GIVEN INFORMATION Start Marker

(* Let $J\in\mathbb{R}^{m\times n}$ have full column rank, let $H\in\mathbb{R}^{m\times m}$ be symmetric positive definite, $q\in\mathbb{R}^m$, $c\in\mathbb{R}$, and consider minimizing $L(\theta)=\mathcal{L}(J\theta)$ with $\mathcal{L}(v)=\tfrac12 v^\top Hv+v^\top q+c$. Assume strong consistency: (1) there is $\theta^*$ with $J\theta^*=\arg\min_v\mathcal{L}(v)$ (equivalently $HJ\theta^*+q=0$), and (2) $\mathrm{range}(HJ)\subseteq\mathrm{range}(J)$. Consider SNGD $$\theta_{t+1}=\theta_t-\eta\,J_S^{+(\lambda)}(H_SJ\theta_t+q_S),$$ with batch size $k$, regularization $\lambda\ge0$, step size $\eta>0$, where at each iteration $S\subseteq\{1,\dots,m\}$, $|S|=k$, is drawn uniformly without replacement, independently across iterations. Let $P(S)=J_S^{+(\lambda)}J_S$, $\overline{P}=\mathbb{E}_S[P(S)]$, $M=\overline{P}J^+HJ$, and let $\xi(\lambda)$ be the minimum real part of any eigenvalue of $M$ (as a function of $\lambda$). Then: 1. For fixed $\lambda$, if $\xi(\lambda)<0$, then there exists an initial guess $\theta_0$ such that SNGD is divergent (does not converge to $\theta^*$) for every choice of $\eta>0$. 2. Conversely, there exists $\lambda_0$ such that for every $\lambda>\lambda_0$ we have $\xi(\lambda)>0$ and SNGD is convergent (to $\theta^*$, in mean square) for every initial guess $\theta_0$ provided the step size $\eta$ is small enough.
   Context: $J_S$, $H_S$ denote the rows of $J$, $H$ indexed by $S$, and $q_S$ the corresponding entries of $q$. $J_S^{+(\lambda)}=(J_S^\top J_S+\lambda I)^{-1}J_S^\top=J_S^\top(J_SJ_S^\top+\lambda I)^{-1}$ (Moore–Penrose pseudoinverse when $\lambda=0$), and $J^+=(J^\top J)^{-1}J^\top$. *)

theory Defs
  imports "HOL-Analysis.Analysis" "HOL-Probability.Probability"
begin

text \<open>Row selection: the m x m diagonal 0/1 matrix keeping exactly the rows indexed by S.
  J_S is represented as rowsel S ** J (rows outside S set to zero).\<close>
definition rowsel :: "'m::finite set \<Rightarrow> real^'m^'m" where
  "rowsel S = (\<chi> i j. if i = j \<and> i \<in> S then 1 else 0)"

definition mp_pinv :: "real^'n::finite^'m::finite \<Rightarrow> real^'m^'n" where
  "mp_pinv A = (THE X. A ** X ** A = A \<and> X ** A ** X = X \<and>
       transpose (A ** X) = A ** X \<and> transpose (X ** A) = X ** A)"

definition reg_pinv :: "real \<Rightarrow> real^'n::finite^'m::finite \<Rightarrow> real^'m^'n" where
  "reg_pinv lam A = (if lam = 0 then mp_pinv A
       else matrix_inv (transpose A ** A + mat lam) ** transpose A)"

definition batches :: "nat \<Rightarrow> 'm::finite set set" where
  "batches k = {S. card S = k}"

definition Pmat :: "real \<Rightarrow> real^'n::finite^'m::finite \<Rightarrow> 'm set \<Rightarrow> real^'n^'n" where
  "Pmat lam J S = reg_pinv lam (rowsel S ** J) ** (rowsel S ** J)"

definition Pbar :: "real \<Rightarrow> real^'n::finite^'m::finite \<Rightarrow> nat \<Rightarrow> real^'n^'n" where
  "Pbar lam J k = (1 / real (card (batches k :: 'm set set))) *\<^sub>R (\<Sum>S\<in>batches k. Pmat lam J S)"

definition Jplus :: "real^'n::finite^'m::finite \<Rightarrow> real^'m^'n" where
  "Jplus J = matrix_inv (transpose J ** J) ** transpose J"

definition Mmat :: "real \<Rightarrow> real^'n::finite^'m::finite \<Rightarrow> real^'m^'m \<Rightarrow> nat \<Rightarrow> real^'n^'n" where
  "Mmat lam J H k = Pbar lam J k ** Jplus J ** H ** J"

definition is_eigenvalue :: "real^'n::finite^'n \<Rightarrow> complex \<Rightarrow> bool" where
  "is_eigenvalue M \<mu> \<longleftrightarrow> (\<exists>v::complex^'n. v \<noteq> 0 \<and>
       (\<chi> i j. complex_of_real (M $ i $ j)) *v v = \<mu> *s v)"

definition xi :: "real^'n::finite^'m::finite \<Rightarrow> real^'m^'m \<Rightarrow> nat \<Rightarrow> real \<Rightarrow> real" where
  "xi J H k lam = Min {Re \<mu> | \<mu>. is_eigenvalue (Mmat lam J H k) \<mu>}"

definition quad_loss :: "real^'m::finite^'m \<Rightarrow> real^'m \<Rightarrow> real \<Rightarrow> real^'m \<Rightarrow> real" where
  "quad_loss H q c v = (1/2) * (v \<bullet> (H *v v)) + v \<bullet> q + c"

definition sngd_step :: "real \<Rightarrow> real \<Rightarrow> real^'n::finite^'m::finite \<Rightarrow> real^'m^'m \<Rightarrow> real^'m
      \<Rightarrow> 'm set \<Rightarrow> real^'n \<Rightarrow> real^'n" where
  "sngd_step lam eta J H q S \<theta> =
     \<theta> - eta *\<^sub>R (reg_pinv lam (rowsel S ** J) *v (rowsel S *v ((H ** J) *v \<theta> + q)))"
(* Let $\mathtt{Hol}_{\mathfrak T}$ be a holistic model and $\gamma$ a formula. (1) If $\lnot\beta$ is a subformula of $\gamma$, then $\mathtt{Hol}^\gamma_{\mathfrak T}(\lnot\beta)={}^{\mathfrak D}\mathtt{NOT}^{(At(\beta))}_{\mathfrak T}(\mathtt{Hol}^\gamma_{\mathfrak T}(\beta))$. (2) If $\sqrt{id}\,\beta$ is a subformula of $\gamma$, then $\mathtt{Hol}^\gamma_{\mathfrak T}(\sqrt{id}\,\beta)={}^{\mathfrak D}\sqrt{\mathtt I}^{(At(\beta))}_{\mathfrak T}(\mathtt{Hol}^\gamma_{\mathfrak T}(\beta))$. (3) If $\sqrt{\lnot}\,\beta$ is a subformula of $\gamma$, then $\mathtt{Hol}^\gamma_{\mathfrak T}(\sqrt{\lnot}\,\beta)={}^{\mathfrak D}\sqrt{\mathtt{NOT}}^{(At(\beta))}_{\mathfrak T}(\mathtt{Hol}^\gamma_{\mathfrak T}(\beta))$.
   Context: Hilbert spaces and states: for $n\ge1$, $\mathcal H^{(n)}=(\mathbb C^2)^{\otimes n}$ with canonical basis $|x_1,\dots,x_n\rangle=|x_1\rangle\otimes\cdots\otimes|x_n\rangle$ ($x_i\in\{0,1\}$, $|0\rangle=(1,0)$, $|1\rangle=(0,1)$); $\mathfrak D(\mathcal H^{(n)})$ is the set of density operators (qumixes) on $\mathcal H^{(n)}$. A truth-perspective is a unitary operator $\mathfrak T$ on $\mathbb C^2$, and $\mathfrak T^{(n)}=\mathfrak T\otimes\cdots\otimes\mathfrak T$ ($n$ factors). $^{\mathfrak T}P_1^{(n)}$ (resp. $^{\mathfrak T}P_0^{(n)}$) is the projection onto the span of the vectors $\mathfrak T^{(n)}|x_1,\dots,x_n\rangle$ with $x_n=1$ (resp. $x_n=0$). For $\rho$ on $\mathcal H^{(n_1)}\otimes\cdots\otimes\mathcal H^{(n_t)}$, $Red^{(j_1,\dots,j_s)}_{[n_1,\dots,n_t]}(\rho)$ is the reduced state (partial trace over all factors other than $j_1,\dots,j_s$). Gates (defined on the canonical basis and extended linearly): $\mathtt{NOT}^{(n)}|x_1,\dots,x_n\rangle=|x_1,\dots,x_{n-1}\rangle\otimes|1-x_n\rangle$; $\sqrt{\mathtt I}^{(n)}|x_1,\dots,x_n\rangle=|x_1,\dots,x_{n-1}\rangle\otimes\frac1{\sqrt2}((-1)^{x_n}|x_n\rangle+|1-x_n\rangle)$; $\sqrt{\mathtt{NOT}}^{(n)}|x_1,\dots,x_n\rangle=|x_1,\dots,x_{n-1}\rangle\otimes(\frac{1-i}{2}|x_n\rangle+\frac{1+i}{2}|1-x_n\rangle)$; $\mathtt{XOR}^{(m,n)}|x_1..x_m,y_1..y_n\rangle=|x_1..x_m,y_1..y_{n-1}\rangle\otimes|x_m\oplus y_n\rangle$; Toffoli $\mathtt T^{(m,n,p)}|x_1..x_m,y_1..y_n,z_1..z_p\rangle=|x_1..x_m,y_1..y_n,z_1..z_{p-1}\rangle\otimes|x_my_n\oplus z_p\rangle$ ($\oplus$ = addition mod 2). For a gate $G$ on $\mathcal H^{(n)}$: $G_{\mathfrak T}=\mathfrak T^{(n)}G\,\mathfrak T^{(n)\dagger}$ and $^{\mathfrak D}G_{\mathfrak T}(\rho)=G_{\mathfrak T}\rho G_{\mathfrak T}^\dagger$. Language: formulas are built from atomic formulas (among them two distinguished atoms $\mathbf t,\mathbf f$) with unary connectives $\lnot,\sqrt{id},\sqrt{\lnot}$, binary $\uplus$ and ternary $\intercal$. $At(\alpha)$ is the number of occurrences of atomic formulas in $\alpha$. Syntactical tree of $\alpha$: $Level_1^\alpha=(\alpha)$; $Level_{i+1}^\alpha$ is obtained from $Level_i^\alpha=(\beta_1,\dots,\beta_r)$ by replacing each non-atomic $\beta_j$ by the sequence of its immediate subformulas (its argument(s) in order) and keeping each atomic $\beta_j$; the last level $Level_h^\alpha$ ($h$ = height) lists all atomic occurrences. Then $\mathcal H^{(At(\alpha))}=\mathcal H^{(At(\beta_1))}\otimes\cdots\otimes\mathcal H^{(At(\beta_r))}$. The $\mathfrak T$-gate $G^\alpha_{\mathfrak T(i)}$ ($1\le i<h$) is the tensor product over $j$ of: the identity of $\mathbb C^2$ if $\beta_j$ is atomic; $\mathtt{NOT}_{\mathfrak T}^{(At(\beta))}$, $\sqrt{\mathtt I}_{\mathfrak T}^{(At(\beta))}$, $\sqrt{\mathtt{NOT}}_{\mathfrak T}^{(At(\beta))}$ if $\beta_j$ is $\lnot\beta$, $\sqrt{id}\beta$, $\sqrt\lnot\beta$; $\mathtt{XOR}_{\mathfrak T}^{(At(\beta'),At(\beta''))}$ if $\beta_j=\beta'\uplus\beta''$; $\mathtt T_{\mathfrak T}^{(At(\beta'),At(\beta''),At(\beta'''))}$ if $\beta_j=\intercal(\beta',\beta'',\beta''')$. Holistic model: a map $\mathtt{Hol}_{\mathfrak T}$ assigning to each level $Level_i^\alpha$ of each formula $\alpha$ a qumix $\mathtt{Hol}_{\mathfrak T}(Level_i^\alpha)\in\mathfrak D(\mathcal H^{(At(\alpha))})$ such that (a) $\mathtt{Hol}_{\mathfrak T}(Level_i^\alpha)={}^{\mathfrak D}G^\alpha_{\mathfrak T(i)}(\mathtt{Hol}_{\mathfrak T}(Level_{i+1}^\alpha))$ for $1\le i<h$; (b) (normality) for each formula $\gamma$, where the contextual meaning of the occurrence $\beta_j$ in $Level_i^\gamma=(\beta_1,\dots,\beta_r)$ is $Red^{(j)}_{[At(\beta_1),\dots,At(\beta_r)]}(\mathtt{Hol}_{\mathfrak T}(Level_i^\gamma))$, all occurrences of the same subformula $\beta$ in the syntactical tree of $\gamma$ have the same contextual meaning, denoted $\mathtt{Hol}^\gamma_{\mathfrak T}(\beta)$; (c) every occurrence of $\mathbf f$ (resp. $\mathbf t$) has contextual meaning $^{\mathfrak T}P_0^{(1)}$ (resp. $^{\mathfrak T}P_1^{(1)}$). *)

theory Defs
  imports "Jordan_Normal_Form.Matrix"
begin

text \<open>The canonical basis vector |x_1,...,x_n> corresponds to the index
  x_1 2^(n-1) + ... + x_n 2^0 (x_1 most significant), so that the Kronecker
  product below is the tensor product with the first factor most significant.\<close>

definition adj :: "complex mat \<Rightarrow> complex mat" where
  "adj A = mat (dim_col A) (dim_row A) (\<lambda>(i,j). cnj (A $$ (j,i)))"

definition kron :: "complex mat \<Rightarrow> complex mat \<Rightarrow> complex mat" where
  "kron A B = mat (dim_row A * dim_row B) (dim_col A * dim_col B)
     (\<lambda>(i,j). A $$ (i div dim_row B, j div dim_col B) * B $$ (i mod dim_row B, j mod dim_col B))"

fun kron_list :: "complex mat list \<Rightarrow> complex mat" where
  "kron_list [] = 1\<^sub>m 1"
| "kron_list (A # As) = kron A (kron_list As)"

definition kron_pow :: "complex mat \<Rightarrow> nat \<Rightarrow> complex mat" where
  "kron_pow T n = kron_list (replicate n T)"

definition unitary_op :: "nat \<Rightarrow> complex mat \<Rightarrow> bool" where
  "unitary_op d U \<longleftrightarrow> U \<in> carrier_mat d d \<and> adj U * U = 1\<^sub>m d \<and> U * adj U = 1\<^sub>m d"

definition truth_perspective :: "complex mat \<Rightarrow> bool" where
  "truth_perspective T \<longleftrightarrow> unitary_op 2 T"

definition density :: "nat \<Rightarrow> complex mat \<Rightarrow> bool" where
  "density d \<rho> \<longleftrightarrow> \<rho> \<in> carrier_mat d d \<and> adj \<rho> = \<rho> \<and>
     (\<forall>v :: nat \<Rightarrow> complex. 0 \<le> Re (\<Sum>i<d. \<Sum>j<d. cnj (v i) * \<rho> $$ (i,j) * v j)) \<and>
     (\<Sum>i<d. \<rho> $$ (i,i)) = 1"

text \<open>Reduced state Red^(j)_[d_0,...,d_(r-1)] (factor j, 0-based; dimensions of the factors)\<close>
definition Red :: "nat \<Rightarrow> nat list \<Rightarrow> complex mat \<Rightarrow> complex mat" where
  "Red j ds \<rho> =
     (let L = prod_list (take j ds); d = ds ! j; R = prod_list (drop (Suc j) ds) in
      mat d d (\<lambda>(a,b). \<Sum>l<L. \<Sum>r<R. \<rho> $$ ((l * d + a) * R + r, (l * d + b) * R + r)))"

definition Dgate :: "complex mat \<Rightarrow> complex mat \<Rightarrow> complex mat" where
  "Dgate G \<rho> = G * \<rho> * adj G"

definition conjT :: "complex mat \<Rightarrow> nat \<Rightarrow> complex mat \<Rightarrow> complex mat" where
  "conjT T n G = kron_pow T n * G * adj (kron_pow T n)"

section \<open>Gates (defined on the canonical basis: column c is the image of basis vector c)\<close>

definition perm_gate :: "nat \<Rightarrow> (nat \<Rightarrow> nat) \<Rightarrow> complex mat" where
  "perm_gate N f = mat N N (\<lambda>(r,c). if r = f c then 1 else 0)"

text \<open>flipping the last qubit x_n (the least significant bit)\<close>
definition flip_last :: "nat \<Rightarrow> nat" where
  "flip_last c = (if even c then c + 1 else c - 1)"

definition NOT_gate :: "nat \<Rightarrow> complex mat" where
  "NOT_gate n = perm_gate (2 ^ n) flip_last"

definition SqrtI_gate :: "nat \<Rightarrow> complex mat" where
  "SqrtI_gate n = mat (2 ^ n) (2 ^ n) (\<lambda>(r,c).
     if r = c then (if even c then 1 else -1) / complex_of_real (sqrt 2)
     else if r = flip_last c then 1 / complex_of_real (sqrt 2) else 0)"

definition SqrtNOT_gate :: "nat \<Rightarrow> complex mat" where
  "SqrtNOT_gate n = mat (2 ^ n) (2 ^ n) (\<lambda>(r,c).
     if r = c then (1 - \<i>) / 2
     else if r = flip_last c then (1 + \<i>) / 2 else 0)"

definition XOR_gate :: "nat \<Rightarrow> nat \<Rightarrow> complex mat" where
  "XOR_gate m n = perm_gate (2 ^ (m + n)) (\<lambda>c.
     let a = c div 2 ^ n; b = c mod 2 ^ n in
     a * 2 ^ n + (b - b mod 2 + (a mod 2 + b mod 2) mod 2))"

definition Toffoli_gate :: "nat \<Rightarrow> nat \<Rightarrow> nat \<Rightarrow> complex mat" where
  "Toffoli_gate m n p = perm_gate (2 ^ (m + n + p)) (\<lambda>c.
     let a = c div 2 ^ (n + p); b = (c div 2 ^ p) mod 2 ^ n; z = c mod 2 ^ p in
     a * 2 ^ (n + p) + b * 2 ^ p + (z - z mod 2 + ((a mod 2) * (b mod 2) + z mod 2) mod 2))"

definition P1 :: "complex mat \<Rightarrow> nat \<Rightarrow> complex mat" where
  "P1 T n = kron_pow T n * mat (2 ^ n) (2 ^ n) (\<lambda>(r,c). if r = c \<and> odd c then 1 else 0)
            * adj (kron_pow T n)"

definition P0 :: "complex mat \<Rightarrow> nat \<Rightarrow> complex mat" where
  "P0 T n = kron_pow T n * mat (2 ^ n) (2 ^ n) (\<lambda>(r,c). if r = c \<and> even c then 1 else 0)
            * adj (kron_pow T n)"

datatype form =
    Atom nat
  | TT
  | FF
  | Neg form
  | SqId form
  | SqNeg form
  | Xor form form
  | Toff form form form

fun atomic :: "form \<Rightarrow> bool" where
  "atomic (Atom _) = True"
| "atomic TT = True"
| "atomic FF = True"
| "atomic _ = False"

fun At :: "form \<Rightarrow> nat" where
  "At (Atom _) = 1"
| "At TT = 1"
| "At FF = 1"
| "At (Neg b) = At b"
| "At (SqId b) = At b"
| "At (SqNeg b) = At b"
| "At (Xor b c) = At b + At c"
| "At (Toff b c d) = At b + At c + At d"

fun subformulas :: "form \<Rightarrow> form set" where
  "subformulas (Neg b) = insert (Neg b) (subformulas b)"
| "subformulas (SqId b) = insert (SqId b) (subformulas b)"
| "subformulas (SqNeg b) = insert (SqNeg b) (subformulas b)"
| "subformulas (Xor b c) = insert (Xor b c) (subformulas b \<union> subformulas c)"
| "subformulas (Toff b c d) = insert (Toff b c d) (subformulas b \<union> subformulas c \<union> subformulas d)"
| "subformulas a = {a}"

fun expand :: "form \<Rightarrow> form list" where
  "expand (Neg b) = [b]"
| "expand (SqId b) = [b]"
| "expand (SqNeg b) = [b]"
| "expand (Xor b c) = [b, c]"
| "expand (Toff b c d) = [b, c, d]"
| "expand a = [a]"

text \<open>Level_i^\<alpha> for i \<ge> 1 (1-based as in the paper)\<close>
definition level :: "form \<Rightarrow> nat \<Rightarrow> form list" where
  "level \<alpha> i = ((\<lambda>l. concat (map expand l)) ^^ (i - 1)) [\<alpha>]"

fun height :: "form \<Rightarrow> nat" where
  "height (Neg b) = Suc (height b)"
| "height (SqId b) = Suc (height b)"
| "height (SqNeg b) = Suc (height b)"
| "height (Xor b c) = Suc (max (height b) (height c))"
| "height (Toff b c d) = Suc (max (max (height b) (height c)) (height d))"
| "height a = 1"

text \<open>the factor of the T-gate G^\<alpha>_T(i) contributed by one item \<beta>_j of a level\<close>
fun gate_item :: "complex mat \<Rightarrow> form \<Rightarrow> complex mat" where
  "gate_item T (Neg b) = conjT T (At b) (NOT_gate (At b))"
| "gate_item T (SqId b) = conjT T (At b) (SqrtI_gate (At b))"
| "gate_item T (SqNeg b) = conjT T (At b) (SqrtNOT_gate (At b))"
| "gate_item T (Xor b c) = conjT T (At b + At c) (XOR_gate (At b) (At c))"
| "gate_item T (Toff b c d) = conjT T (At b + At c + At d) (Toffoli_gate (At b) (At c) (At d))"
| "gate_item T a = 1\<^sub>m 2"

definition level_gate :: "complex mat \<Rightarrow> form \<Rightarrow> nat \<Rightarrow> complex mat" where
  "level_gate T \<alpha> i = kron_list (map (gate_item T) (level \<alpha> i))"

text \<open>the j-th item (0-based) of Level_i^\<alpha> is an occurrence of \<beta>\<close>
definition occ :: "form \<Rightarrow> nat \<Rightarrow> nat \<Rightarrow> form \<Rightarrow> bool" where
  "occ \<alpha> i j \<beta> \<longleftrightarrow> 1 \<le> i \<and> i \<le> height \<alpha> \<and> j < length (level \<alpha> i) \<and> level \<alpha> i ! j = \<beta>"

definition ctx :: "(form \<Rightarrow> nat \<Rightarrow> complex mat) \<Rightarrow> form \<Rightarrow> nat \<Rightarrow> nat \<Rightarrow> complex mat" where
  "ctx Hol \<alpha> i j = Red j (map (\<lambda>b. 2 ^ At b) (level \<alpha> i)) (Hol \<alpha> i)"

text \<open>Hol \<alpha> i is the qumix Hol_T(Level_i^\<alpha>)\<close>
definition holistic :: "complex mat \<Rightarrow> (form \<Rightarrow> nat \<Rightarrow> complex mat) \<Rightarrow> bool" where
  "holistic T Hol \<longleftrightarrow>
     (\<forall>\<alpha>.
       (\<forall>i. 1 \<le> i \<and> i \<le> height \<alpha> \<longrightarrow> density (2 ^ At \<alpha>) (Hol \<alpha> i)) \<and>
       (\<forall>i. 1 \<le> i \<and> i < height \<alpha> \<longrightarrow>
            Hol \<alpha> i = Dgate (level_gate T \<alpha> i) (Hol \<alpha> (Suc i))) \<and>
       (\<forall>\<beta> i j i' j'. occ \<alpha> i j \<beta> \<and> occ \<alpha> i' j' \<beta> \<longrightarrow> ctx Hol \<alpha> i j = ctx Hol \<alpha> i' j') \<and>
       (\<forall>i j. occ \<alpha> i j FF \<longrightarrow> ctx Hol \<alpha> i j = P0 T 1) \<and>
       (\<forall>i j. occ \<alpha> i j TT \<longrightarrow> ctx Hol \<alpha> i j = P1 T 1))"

GIVEN INFORMATION End Marker

## GOAL OF THE EXERCISE
Your answer should be all lines from the data that contain "longrightarrow".

## ANSWER TO THIS EXERCISE
       (\<forall>i. 1 \<le> i \<and> i \<le> height \<alpha> \<longrightarrow> density (2 ^ At \<alpha>) (Hol \<alpha> i)) \<and>
       (\<forall>i. 1 \<le> i \<and> i < height \<alpha> \<longrightarrow>
       (\<forall>\<beta> i j i' j'. occ \<alpha> i j \<beta> \<and> occ \<alpha> i' j' \<beta> \<longrightarrow> ctx Hol \<alpha> i j = ctx Hol \<alpha> i' j') \<and>
       (\<forall>i j. occ \<alpha> i j FF \<longrightarrow> ctx Hol \<alpha> i j = P0 T 1) \<and>
       (\<forall>i j. occ \<alpha> i j TT \<longrightarrow> ctx Hol \<alpha> i j = P1 T 1))"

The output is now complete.